It doesn’t happen every day at practice, but it happens often enough that Shea Panzik has come to expect it.
When the Manhasset field hockey team is perhaps acting too tense, or having a lackluster performance on the field, the team’s best player will morph into a Columbian-born singing superstar.
That’s right: Senior Lily Klumszko will channel her inner Shakira, and start shaking her hips and swaying to the beat.
“She does a great Shakira impression,” Panzik revealed with a laugh. “She sings “Hips Don’t Lie” and she does Shakira’s voice and her movements and the whole thing and it’s hilarious.
“She just makes practices and everything else so much fun.”
Klimuszko, who shares a hair color with Shakira but not much else, does her most important work on the field. The senior forward had a stellar 2021 season for the Indians, with 11 goals and four assists, and this fall has continued to excel.
She has tallied five goals and nine assists in 13 games, as Manhasset has rolled to a 12-1 record in search of a county and state title.
“She’s adjusted her game this year so well because we’ve asked her to be more of a facilitator,” said head coach Steve Sproul. “She’s just gotten better and better and she knows how to find her teammates in the right spots.”
Klimuszko has been a starter for four seasons for Manhasset and stamped her name in school lore by scoring the winning goal in the county championship game as a sophomore in April 2021, the Indians’ first county crown in nine years.
For Klimuszko, this season has been special not just because Manhasset has been winning (they almost always have in field hockey) but because her new role in her final season has fit her so well.
Klimuszko’s love of field hockey came early; her sister Maggie, older by six years, is a former Manhasset star who taught Lily the game.

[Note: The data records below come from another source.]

lemma lin_smult_ex:
  assumes v: "length v = d" "v \<noteq> zvec d"
  shows "\<exists>m. lin (psmult l v) = psmult m (lin v)"
proof -
  have "Col (zvec d) (psmult l v) v"
    using Col_iff_nth[of "zvec d" d "psmult l v" v] v by auto
  then have "Col (zvec d) (lin (psmult l v)) (lin v)"
    using Col_lin[of "zvec d" "psmult l v" v] v by simp
  then obtain m where m: "\<forall>i<d. lin (psmult l v)!i = zvec d!i + m * (lin v!i - zvec d!i)"
    using Col_iff_nth_neq[of "zvec d" d "lin (psmult l v)" "lin v"] v lin_neq_zvec[OF v] by auto
  have "lin (psmult l v) = psmult m (lin v)"
    by (rule points_eqI[of _ d]) (use m v in simp_all)
  then show ?thesis by blast
qed

text \<open>Compare the factors with the one for \<open>v + w\<close>, using additivity of \<^const>\<open>lin\<close>.\<close>

lemma lin_smult_factor_eq:
  assumes L: "length v = d" "length w = d" and nc: "\<not> Col (zvec d) v w"
    and m: "lin (psmult l v) = psmult m (lin v)" and n: "lin (psmult l w) = psmult n (lin w)"
  shows "m = n"
proof -
  have I: "indep2 d v w" using not_Col_zvec_iff_indep2 L nc by blast
  have "padd v w \<noteq> zvec d"
  proof
    assume "padd v w = zvec d"
    then have "\<forall>i<d. 1 * v!i + 1 * w!i = 0"
      using L by (metis mult_1 nth_padd nth_zvec)
    from indep2D[OF I this] show False by simp
  qed
  then obtain k where k: "lin (psmult l (padd v w)) = psmult k (lin (padd v w))"
    using lin_smult_ex[of "padd v w" l] L by fastforce
  have "psmult l (padd v w) = padd (psmult l v) (psmult l w)"
    by (rule points_eqI[of _ d]) (simp_all add: L algebra_simps)
  then have "lin (psmult l (padd v w)) = padd (psmult m (lin v)) (psmult n (lin w))"
    using lin_add[of "psmult l v" "psmult l w"] L m n by simp
  with k have E: "psmult k (padd (lin v) (lin w)) = padd (psmult m (lin v)) (psmult n (lin w))"
    using lin_add[OF L] by simp
  have "\<not> Col (lin (zvec d)) (lin v) (lin w)" using Col_lin[of "zvec d" v w] L nc by simp
  then have I': "indep2 d (lin v) (lin w)" using not_Col_zvec_iff_indep2[of "lin v" d "lin w"] L by simp
  have "m * lin v!i + n * lin w!i = k * lin v!i + k * lin w!i" if "i < d" for i
    using arg_cong[OF E, of "\<lambda>x. x!i"] that L by (simp add: algebra_simps)
  then show ?thesis using indep2_coeff_unique[OF I', of m n k k] by blast
qed

definition alpha :: "'a \<Rightarrow> 'a" where
  "alpha l = (THE m. lin (psmult l (uvec d 0)) = psmult m (lin (uvec d 0)))"

lemma lin_uvec0_neq_zvec: "lin (uvec d 0) \<noteq> zvec d"
  using lin_neq_zvec[of "uvec d 0"] uvec_neq_zvec[of 0 d] two_le_d by simp

lemma lin_smult_uvec0: "lin (psmult l (uvec d 0)) = psmult (alpha l) (lin (uvec d 0))"
proof -
  obtain m where m: "lin (psmult l (uvec d 0)) = psmult m (lin (uvec d 0))"
    using lin_smult_ex[of "uvec d 0" l] uvec_neq_zvec[of 0 d] two_le_d by auto
  moreover have "alpha l = m" unfolding alpha_def
  proof (rule the_equality)
    fix m' assume "lin (psmult l (uvec d 0)) = psmult m' (lin (uvec d 0))"
    with m show "m' = m"
      using psmult_right_cancel[of "lin (uvec d 0)" d m' m] lin_uvec0_neq_zvec by simp
  qed (rule m)
  ultimately show ?thesis by simp
qed


lemma indep2_uvec01: "indep2 d (uvec d 0 :: 'a list) (uvec d 1)"
proof (rule indep2I)
  fix s t :: 'a assume st: "\<forall>i<d. s * uvec d 0 ! i + t * uvec d 1 ! i = 0"
  then show "s = 0 \<and> t = 0" using st[rule_format, of 0] st[rule_format, of 1] two_le_d by simp
qed

lemma lin_smult:
  assumes v: "length v = d"
  shows "lin (psmult l v) = psmult (alpha l) (lin v)"
proof (cases "v = zvec d")
  case True
  then have "psmult l v = zvec d" "psmult (alpha l) (lin v) = zvec d"
    by (auto intro!: points_eqI[of _ d])
  then show ?thesis by simp
next
  case False
  let ?e0 = "uvec d 0 :: 'a list" and ?e1 = "uvec d 1 :: 'a list"
  have d: "0 < d" "1 < d" using two_le_d by auto
  obtain m where m: "lin (psmult l v) = psmult m (lin v)"
    using lin_smult_ex[OF v False] by blast
  obtain m1 where m1: "lin (psmult l ?e1) = psmult m1 (lin ?e1)"
    using lin_smult_ex[of ?e1 l] uvec_neq_zvec[OF d(2)] by auto
  have "\<not> Col (zvec d) ?e0 ?e1"
    using not_Col_zvec_iff_indep2[of ?e0 d ?e1] indep2_uvec01 by simp
  then have "m1 = alpha l"
    using lin_smult_factor_eq[of ?e0 ?e1 l "alpha l" m1] lin_smult_uvec0 m1 by simp
  show ?thesis
  proof (cases "Col (zvec d) v ?e0")
    case False
    then have "m = alpha l" using lin_smult_factor_eq[of v ?e0 l m "alpha l"] lin_smult_uvec0 m v by simp
    then show ?thesis using m by simp
  next
    case True
    then obtain c where c: "\<forall>i<d. v!i = c * ?e0!i"
      using Col_iff_nth_neq[of "zvec d" d v ?e0] v uvec_neq_zvec[OF d(1)] by auto
    have "c \<noteq> 0"
    proof
      assume "c = 0"
      then have "v = zvec d" using c v by (intro points_eqI[of _ d]) simp_all
      with \<open>v \<noteq> zvec d\<close> show False ..
    qed
    have "indep2 d v ?e1"
    proof (rule indep2I)
      fix s t :: 'a assume st: "\<forall>i<d. s * v!i + t * ?e1!i = 0"
      then show "s = 0 \<and> t = 0"
        using st[rule_format, of 0] st[rule_format, of 1] c[rule_format, of 0] c[rule_format, of 1]
          d \<open>c \<noteq> 0\<close> by simp
    qed
    then have "\<not> Col (zvec d) v ?e1" using not_Col_zvec_iff_indep2[of v d ?e1] v by simp
    then have "m = m1" using lin_smult_factor_eq[of v ?e1 l m m1] m m1 v by simp
    then show ?thesis using m \<open>m1 = alpha l\<close> by simp
  qed
qed

lemma alpha_uvec0_cancel: "psmult x (lin (uvec d 0)) = psmult y (lin (uvec d 0)) \<Longrightarrow> x = y"
  using psmult_right_cancel[OF _ lin_uvec0_neq_zvec] two_le_d by simp

lemma alpha_add: "alpha (x + y) = alpha x + alpha y"
proof -
  let ?e = "uvec d 0 :: 'a list"
  have "psmult (alpha (x + y)) (lin ?e) = lin (psmult (x + y) ?e)"
    by (rule lin_smult_uvec0[symmetric])
  also have "psmult (x + y) ?e = padd (psmult x ?e) (psmult y ?e)"
    by (rule points_eqI[of _ d]) (simp_all add: algebra_simps)
  also have "lin \<dots> = padd (psmult (alpha x) (lin ?e)) (psmult (alpha y) (lin ?e))"
    by (simp add: lin_add lin_smult_uvec0)
  also have "\<dots> = psmult (alpha x + alpha y) (lin ?e)"
    by (rule points_eqI[of _ d]) (simp_all add: algebra_simps)
  finally show ?thesis by (rule alpha_uvec0_cancel)
qed

lemma alpha_mult: "alpha (x * y) = alpha x * alpha y"
proof -
  let ?e = "uvec d 0 :: 'a list"
  have "psmult (alpha (x * y)) (lin ?e) = lin (psmult (x * y) ?e)"
    by (rule lin_smult_uvec0[symmetric])
  also have "psmult (x * y) ?e = psmult x (psmult y ?e)"
    by (rule points_eqI[of _ d]) (simp_all add: algebra_simps)
  also have "lin \<dots> = psmult (alpha x) (psmult (alpha y) (lin ?e))"
    by (simp add: lin_smult lin_smult_uvec0)
  also have "\<dots> = psmult (alpha x * alpha y) (lin ?e)"
    by (rule points_eqI[of _ d]) (simp_all add: algebra_simps)
  finally show ?thesis by (rule alpha_uvec0_cancel)
qed

lemma alpha_1: "alpha 1 = 1"
proof -
  have "psmult 1 (uvec d 0) = (uvec d 0 :: 'a list)" "psmult 1 (lin (uvec d 0)) = lin (uvec d 0)"
    by (rule points_eqI[of _ d]; simp)+
  then show ?thesis using lin_smult_uvec0[of 1] alpha_uvec0_cancel[of "alpha 1" 1] by simp
qed

lemma alpha_0: "alpha 0 = 0"
  using alpha_add[of 0 0] by (metis add.right_neutral add_left_cancel)

lemma inj_alpha: "inj alpha"
proof (rule injI)
  fix x y assume "alpha x = alpha y"
  then have "lin (psmult x (uvec d 0)) = lin (psmult y (uvec d 0))" using lin_smult_uvec0 by simp
  then have "psmult x (uvec d 0) = psmult y (uvec d 0 :: 'a list)" using lin_eq_iff by simp
  then show "x = y" using psmult_right_cancel[of "uvec d 0" d x y] uvec_neq_zvec[of 0 d] two_le_d
    by simp
qed

lemma surj_alpha: "surj alpha"
proof -
  let ?e = "uvec d 0 :: 'a list"
  have "?e \<noteq> zvec d" using uvec_neq_zvec[of 0 d] two_le_d by simp
  have "m \<in> range alpha" for m
  proof -
    obtain q where q: "length q = d" "lin q = psmult m (lin ?e)"
      using lin_surj[of "psmult m (lin ?e)"] by auto
    have "Col (zvec d) (lin q) (lin ?e)"
      using Col_iff_nth[of "zvec d" d "lin q" "lin ?e"] q by auto
    then have "Col (zvec d) q ?e" using Col_lin[of "zvec d" q ?e] q by simp
    then obtain c where c: "\<forall>i<d. q!i = c * ?e!i"
      using Col_iff_nth_neq[of "zvec d" d q ?e] q \<open>?e \<noteq> zvec d\<close> by auto
    have "q = psmult c ?e" by (rule points_eqI[of _ d]) (use c q in simp_all)
    then have "alpha c = m" using q lin_smult_uvec0[of c] alpha_uvec0_cancel by simp
    then show ?thesis by blast
  qed
  then show ?thesis by blast
qed

end

section \<open>Semilinear maps are given by matrices\<close>

lemma length_mat_vec [simp]: "length (mat_vec d M p) = d"
  by (simp add: mat_vec_def)

lemma nth_mat_vec [simp]: "i < d \<Longrightarrow> mat_vec d M p ! i = (\<Sum>j<d. M i j * p ! j)"
  by (simp add: mat_vec_def)

lemma mat_vec_padd:
  "length x = d \<Longrightarrow> length y = d \<Longrightarrow> mat_vec d M (padd x y) = padd (mat_vec d M x) (mat_vec d M y)"
  by (rule points_eqI[of _ d]) (simp_all add: algebra_simps sum.distrib)

lemma mat_vec_psmult: "length x = d \<Longrightarrow> mat_vec d M (psmult c x) = psmult c (mat_vec d M x)"
  by (rule points_eqI[of _ d]) (simp_all add: algebra_simps sum_distrib_left)

lemma nth_mat_vec_uvec: "k < d \<Longrightarrow> j < d \<Longrightarrow> mat_vec d M (uvec d j) ! k = M k j"
  by (simp add: if_distrib[of "\<lambda>x. M k _ * x"] cong: if_cong)

lemma additive_zvec:
  fixes T :: "'a::field list \<Rightarrow> 'a list"
  assumes length_T: "\<And>x. length x = d \<Longrightarrow> length (T x) = d"
    and T_add: "\<And>x y. length x = d \<Longrightarrow> length y = d \<Longrightarrow> T (padd x y) = padd (T x) (T y)"
  shows "T (zvec d) = zvec d"
proof -
  have "padd (zvec d) (zvec d) = (zvec d :: 'a list)" by (rule points_eqI[of _ d]) simp_all
  then have E: "T (zvec d) = padd (T (zvec d)) (T (zvec d))" using T_add[of "zvec d" "zvec d"] by simp
  have "T (zvec d) ! i = 0" if "i < d" for i
  proof -
    have "T (zvec d) ! i = T (zvec d) ! i + T (zvec d) ! i"
      using arg_cong[OF E, of "\<lambda>x. x!i"] that by (simp only: nth_padd length_T length_zvec)
    then show ?thesis by (simp only: add_cancel_right_right)
  qed
  then show ?thesis by (intro points_eqI[of _ d]) (simp_all add: length_T)
qed

lemma semilinear_eq_mat_vec:
  fixes T :: "'a::field list \<Rightarrow> 'a list" and \<sigma> :: "'a \<Rightarrow> 'a"
  assumes length_T: "\<And>x. length x = d \<Longrightarrow> length (T x) = d"
    and T_add: "\<And>x y. length x = d \<Longrightarrow> length y = d \<Longrightarrow> T (padd x y) = padd (T x) (T y)"
    and T_smult: "\<And>c x. length x = d \<Longrightarrow> T (psmult c x) = psmult (\<sigma> c) (T x)"
    and p: "length p = d"
  shows "T p = mat_vec d (\<lambda>i j. T (uvec d j) ! i) (map \<sigma> p)"
proof -
  define pre where "pre k = map (\<lambda>i. if i < k then p!i else 0) [0..<d]" for k
  have T_zvec: "T (zvec d) = zvec d" by (rule additive_zvec[OF length_T T_add])
  have pre: "\<forall>i<d. T (pre k) ! i = (\<Sum>j<k. T (uvec d j) ! i * \<sigma> (p!j))" if "k \<le> d" for k
    using that
  proof (induction k)
    case 0
    have "pre 0 = zvec d" by (rule points_eqI[of _ d]) (simp_all add: pre_def)
    then show ?case using T_zvec by simp
  next
    case (Suc k)
    have "pre (Suc k) = padd (pre k) (psmult (p!k) (uvec d k))"
      by (rule points_eqI[of _ d]) (auto simp: pre_def less_Suc_eq)
    then have "T (pre (Suc k)) = padd (T (pre k)) (psmult (\<sigma> (p!k)) (T (uvec d k)))"
      using T_add[of "pre k" "psmult (p!k) (uvec d k)"] T_smult[of "uvec d k" "p!k"]
      by (simp add: pre_def)
    then show ?case
      using Suc length_T[of "pre k"] length_T[of "uvec d k"] by (simp add: pre_def algebra_simps)
  qed
  have "pre d = p" by (rule points_eqI[of _ d]) (simp_all add: p pre_def)
  then show ?thesis
    using pre[of d] p length_T by (intro points_eqI[of _ d]) (simp_all add: mult.commute)
qed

“I was the kid tagging along asking everyone to play with me,” Lily said. “I just remember Maggie would always want me to help her practice, and she taught me so much of what I know now, and that helped me get good for my age when I was younger.”
For Klimuszko, what drives her is the desire to please, whether it’s teachers, friends or her parents, Louise and Peter.
“I don’t ever want to disappoint people; I just like making them proud,” she said. “Whatever I do, if I’m in the newspaper or I’ve done some accomplishments, what makes me feel good is making my parents proud.”
When Klimuszko started on varsity as a freshman, she said she was timid but was always asking the older players “what can I do better in that situation next time?”
Clearly, they taught her well, because now the Indians are cruising toward a likely Class B championship game rematch on Halloween with Garden City, who topped Manhasset last year.
The two teams have split two games this fall, including a Garden City shootout win on Oct. 19.